__TASK ITEM__
Could you reproduce the lines below from the one with "Y) w = p w \<and>" through the one with "unfolding depth_def using not_less_Least"? Keep both ends and add nothing.

__MATERIAL TO PROCESS__
__________________________________________________

(* Let $T$ be a uniformly random spanning tree of $K_n$ and let $k,\ell\in \mathbb N$ satisfy $k+\ell\le n$. Then $$\Pr\big(E(T)\cap \{v_iv_j: i\le k,\ n-\ell< j\le n\} = \emptyset\big) = \frac{(n-k)^{\ell-1}(n-\ell)^{k-1}(n-k-\ell)}{n^{k+\ell-1}}.$$
   Context: $K_n$ is the complete graph on vertex set $V_n=\{v_1,\dots,v_n\}$. *)

theory Defs
  imports "HOL-Probability.Probability"
begin

text \<open>Simple graphs on a vertex set of naturals; an edge is a 2-element set {x,y}, x \<noteq> y.
  The complete graph K_n has vertex set V_n = {1..n} (vertex v_i is the number i).\<close>

definition complete_edges :: "nat \<Rightarrow> nat set set" where
  "complete_edges n = {{i, j} | i j. i \<in> {1..n} \<and> j \<in> {1..n} \<and> i \<noteq> j}"

definition adj_rel :: "'a set set \<Rightarrow> ('a \<times> 'a) set" where
  "adj_rel F = {(x, y). {x, y} \<in> F}"

definition graph_connected :: "'a set \<Rightarrow> 'a set set \<Rightarrow> bool" where
  "graph_connected V F \<longleftrightarrow> (\<forall>u\<in>V. \<forall>v\<in>V. (u, v) \<in> (adj_rel F)\<^sup>*)"

definition is_cycle :: "'a set set \<Rightarrow> 'a list \<Rightarrow> bool" where
  "is_cycle F vs \<longleftrightarrow> length vs \<ge> 3 \<and> distinct vs \<and>
     (\<forall>i < length vs. {vs ! i, vs ! ((i + 1) mod length vs)} \<in> F)"

definition graph_acyclic :: "'a set set \<Rightarrow> bool" where
  "graph_acyclic F \<longleftrightarrow> (\<nexists>vs. is_cycle F vs)"

definition is_tree :: "'a set \<Rightarrow> 'a set set \<Rightarrow> bool" where
  "is_tree V F \<longleftrightarrow> V \<noteq> {} \<and> F \<subseteq> {{x, y} | x y. x \<in> V \<and> y \<in> V \<and> x \<noteq> y}
     \<and> graph_connected V F \<and> graph_acyclic F"

definition spanning_trees_K :: "nat \<Rightarrow> nat set set set" where
  "spanning_trees_K n = {F. F \<subseteq> complete_edges n \<and> is_tree {1..n} F}"

end

theory Submission
  imports Defs
begin

(*
  A forest on V with root set R is encoded by its parent map on V - R; a spanning tree rooted
  at c is such a forest with R = {c}.  Giving each non-root v the weight x(parent of v), the
  total weight of all forests is x(R) x(V)^(|V - R| - 1), a weighted Cayley formula proved by
  deleting a root and turning its children into roots.

  Let C be the m = n - k - l vertices outside A = {1..k} and B = {n-l+1..n}, and root the trees
  at some c in C.  A tree avoids the edges between A and B iff its parent map sends no vertex
  of A into B and no vertex of B into A.  Cutting it at C leaves a forest g rooted at C of the
  same kind; there are m (n-l)^(k-1) * m (n-k)^(l-1) of these.  The trees rooted at c that
  extend g are counted by the weighted formula on C, each root weighted by the size of its tree
  in g, which gives |tree of c in g| n^(m-2).  Summing over c in C shows that m times the number
  of avoiding trees is m^2 (n-l)^(k-1) (n-k)^(l-1) n^(m-1); divide by n^(n-2).  For m = 0 no
  tree avoids these edges, since A and B then cover all vertices.
*)

section \<open>Rooted forests as parent maps\<close>

definition reaches :: "('a \<Rightarrow> 'a) \<Rightarrow> 'a set \<Rightarrow> 'a \<Rightarrow> bool" where
  "reaches p R v \<longleftrightarrow> (\<exists>i. (p ^^ i) v \<in> R)"

text \<open>A forest on \<open>V\<close> with root set \<open>R\<close>, represented by the map sending every non-root
  to its parent (and everything outside \<open>V - R\<close> to \<open>undefined\<close>); every vertex must reach
  a root by following parents.\<close>
definition rooted_forests :: "'a set \<Rightarrow> 'a set \<Rightarrow> ('a \<Rightarrow> 'a) set" where
  "rooted_forests V R = {p \<in> V - R \<rightarrow>\<^sub>E V. \<forall>v\<in>V. reaches p R v}"

definition depth :: "('a \<Rightarrow> 'a) \<Rightarrow> 'a set \<Rightarrow> 'a \<Rightarrow> nat" where
  "depth p R v = (LEAST i. (p ^^ i) v \<in> R)"

lemma reaches_base: "v \<in> R \<Longrightarrow> reaches p R v"
  unfolding reaches_def by (metis funpow_0)

lemma reaches_step: "reaches p R v \<longleftrightarrow> v \<in> R \<or> reaches p R (p v)"
proof
  assume "reaches p R v"
  then obtain i where i: "(p ^^ i) v \<in> R" by (auto simp: reaches_def)
  then show "v \<in> R \<or> reaches p R (p v)"
    by (cases i) (auto simp: reaches_def funpow_Suc_right simp del: funpow.simps)
next
  assume "v \<in> R \<or> reaches p R (p v)"
  then show "reaches p R v"
    unfolding reaches_def by (metis comp_apply funpow_0 funpow_Suc_right)
qed

lemma reaches_mono: "reaches p R v \<Longrightarrow> R \<subseteq> Y \<Longrightarrow> reaches p Y v"
  unfolding reaches_def by blast

lemma reaches_cong:
  assumes "reaches p R v" "v \<in> Z"
    and "\<And>w. w \<in> Z \<Longrightarrow> w \<notin> R \<Longrightarrow> q w = p w \<and> p w \<in> Z"
  shows "reaches q R v"
proof -
  obtain i where "(p ^^ i) v \<in> R" using assms(1) by (auto simp: reaches_def)
  then show ?thesis
    using assms(2)
  proof (induction i arbitrary: v)
    case 0
    then show ?case by (simp add: reaches_base)
  next
    case (Suc i)
    show ?case
    proof (cases "v \<in> R")
      case False
      with assms(3) Suc.prems(2) have "q v = p v" "p v \<in> Z" by auto
      moreover have "(p ^^ i) (p v) \<in> R"
        using Suc.prems(1) by (simp add: funpow_Suc_right del: funpow.simps)
      ultimately show ?thesis using Suc.IH reaches_step by metis
    qed (simp add: reaches_base)
  qed
qed

lemma rooted_forests_parent:
  "p \<in> rooted_forests V R \<Longrightarrow> v \<in> V \<Longrightarrow> v \<notin> R \<Longrightarrow> p v \<in> V"
  unfolding rooted_forests_def by auto

lemma rooted_forests_undefined:
  "p \<in> rooted_forests V R \<Longrightarrow> v \<notin> V - R \<Longrightarrow> p v = undefined"
  unfolding rooted_forests_def by auto

lemma rooted_forests_reaches: "p \<in> rooted_forests V R \<Longrightarrow> v \<in> V \<Longrightarrow> reaches p R v"
  unfolding rooted_forests_def by auto

lemma rooted_forestsI:
  assumes "\<And>v. v \<in> V - R \<Longrightarrow> p v \<in> V" "\<And>v. v \<notin> V - R \<Longrightarrow> p v = undefined"
    and "\<And>v. v \<in> V \<Longrightarrow> reaches p R v"
  shows "p \<in> rooted_forests V R"
  using assms unfolding rooted_forests_def by (auto simp: PiE_iff extensional_def)

lemma rooted_forest_induct [consumes 2, case_names root parent]:
  assumes "p \<in> rooted_forests V R" "v \<in> V"
    and "\<And>v. v \<in> R \<Longrightarrow> P v"
    and "\<And>v. v \<in> V \<Longrightarrow> v \<notin> R \<Longrightarrow> P (p v) \<Longrightarrow> P v"
  shows "P v"
proof -
  obtain i where "(p ^^ i) v \<in> R"
    using rooted_forests_reaches[OF assms(1,2)] by (auto simp: reaches_def)
  then show ?thesis
    using assms(2)
  proof (induction i arbitrary: v)
    case (Suc i)
    show ?case
    proof (cases "v \<in> R")
      case False
      have "(p ^^ i) (p v) \<in> R"
        using Suc.prems(1) by (simp add: funpow_Suc_right del: funpow.simps)
      then show ?thesis
        using Suc.IH Suc.prems(2) False assms(4) rooted_forests_parent[OF assms(1)] by blast
    qed (rule assms(3))
  qed (simp add: assms(3))
qed

lemma restrict_rooted_forest:
  assumes p: "p \<in> rooted_forests V R" and "R \<subseteq> Y" "Y \<subseteq> W" "W \<subseteq> V"
    and closed: "\<And>w. w \<in> W - Y \<Longrightarrow> p w \<in> W"
  shows "restrict p (W - Y) \<in> rooted_forests W Y"
proof (rule rooted_forestsI)
  fix v assume "v \<in> W"
  then have "reaches p R v" using assms(4) rooted_forests_reaches[OF p] by blast
  then have "reaches p Y v" using assms(2) by (rule reaches_mono)
  moreover note \<open>v \<in> W\<close>
  moreover have "restrict p (W - Y) w = p w \<and> p w \<in> W" if "w \<in> W" "w \<notin> Y" for w
    using that closed by simp
  ultimately show "reaches (restrict p (W - Y)) Y v" by (rule reaches_cong)
qed (use closed in auto)

lemma finite_rooted_forests: "finite V \<Longrightarrow> finite (rooted_forests V R)"
  unfolding rooted_forests_def
  by (rule finite_subset[of _ "V - R \<rightarrow>\<^sub>E V"]) (auto intro: finite_PiE)

lemma rooted_forests_no_roots: "V \<noteq> {} \<Longrightarrow> rooted_forests V {} = {}"
  unfolding rooted_forests_def reaches_def by auto

lemma rooted_forests_all_roots: "rooted_forests V V = {\<lambda>_. undefined}"
  unfolding rooted_forests_def by (auto simp: reaches_base)

context
  fixes p V R
  assumes forest: "p \<in> rooted_forests V R"
begin

lemma funpow_depth_in_roots: "v \<in> V \<Longrightarrow> (p ^^ depth p R v) v \<in> R"
  unfolding depth_def using rooted_forests_reaches[OF forest] unfolding reaches_def
  by (metis LeastI)

lemma funpow_less_depth_notin_roots: "i < depth p R v \<Longrightarrow> (p ^^ i) v \<notin> R"
  unfolding depth_def using not_less_Least by blast

lemma funpow_le_depth_in: "v \<in> V \<Longrightarrow> i \<le> depth p R v \<Longrightarrow> (p ^^ i) v \<in> V"
proof (induction i)
  case (Suc i)
  then have "(p ^^ i) v \<in> V" "(p ^^ i) v \<notin> R" using funpow_less_depth_notin_roots by auto
  then show ?case using rooted_forests_parent[OF forest] by simp
qed simp

lemma depth_root: "v \<in> R \<Longrightarrow> depth p R v = 0"
  unfolding depth_def by (simp add: Least_eq_0)

lemma depth_parent:
  assumes "v \<in> V" "v \<notin> R"
  shows "depth p R v = Suc (depth p R (p v))"
proof -
  have "(p ^^ Suc (depth p R (p v))) v \<in> R"
    using funpow_depth_in_roots[OF rooted_forests_parent[OF forest assms]]
    by (simp add: funpow_Suc_right del: funpow.simps)
  then have le: "depth p R v \<le> Suc (depth p R (p v))"
    unfolding depth_def by (rule Least_le)
  obtain j where j: "depth p R v = Suc j"
    using funpow_depth_in_roots[OF assms(1)] assms(2) by (cases "depth p R v") auto
  then have "(p ^^ j) (p v) \<in> R"
    using funpow_depth_in_roots[OF assms(1)] by (simp add: funpow_Suc_right del: funpow.simps)
  then have "depth p R (p v) \<le> j"
    unfolding depth_def by (rule Least_le)
  with le j show ?thesis by simp
qed

lemma parent_neq: "v \<in> V \<Longrightarrow> v \<notin> R \<Longrightarrow> p v \<noteq> v"
  using depth_parent by fastforce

__________________________________________________

__REPLY TO THE TASK__
  moreover have "restrict p (W - Y) w = p w \<and> p w \<in> W" if "w \<in> W" "w \<notin> Y" for w
    using that closed by simp
  ultimately show "reaches (restrict p (W - Y)) Y v" by (rule reaches_cong)
qed (use closed in auto)

lemma finite_rooted_forests: "finite V \<Longrightarrow> finite (rooted_forests V R)"
  unfolding rooted_forests_def
  by (rule finite_subset[of _ "V - R \<rightarrow>\<^sub>E V"]) (auto intro: finite_PiE)

lemma rooted_forests_no_roots: "V \<noteq> {} \<Longrightarrow> rooted_forests V {} = {}"
  unfolding rooted_forests_def reaches_def by auto

lemma rooted_forests_all_roots: "rooted_forests V V = {\<lambda>_. undefined}"
  unfolding rooted_forests_def by (auto simp: reaches_base)

context
  fixes p V R
  assumes forest: "p \<in> rooted_forests V R"
begin

lemma funpow_depth_in_roots: "v \<in> V \<Longrightarrow> (p ^^ depth p R v) v \<in> R"
  unfolding depth_def using rooted_forests_reaches[OF forest] unfolding reaches_def
  by (metis LeastI)

lemma funpow_less_depth_notin_roots: "i < depth p R v \<Longrightarrow> (p ^^ i) v \<notin> R"
  unfolding depth_def using not_less_Least by blast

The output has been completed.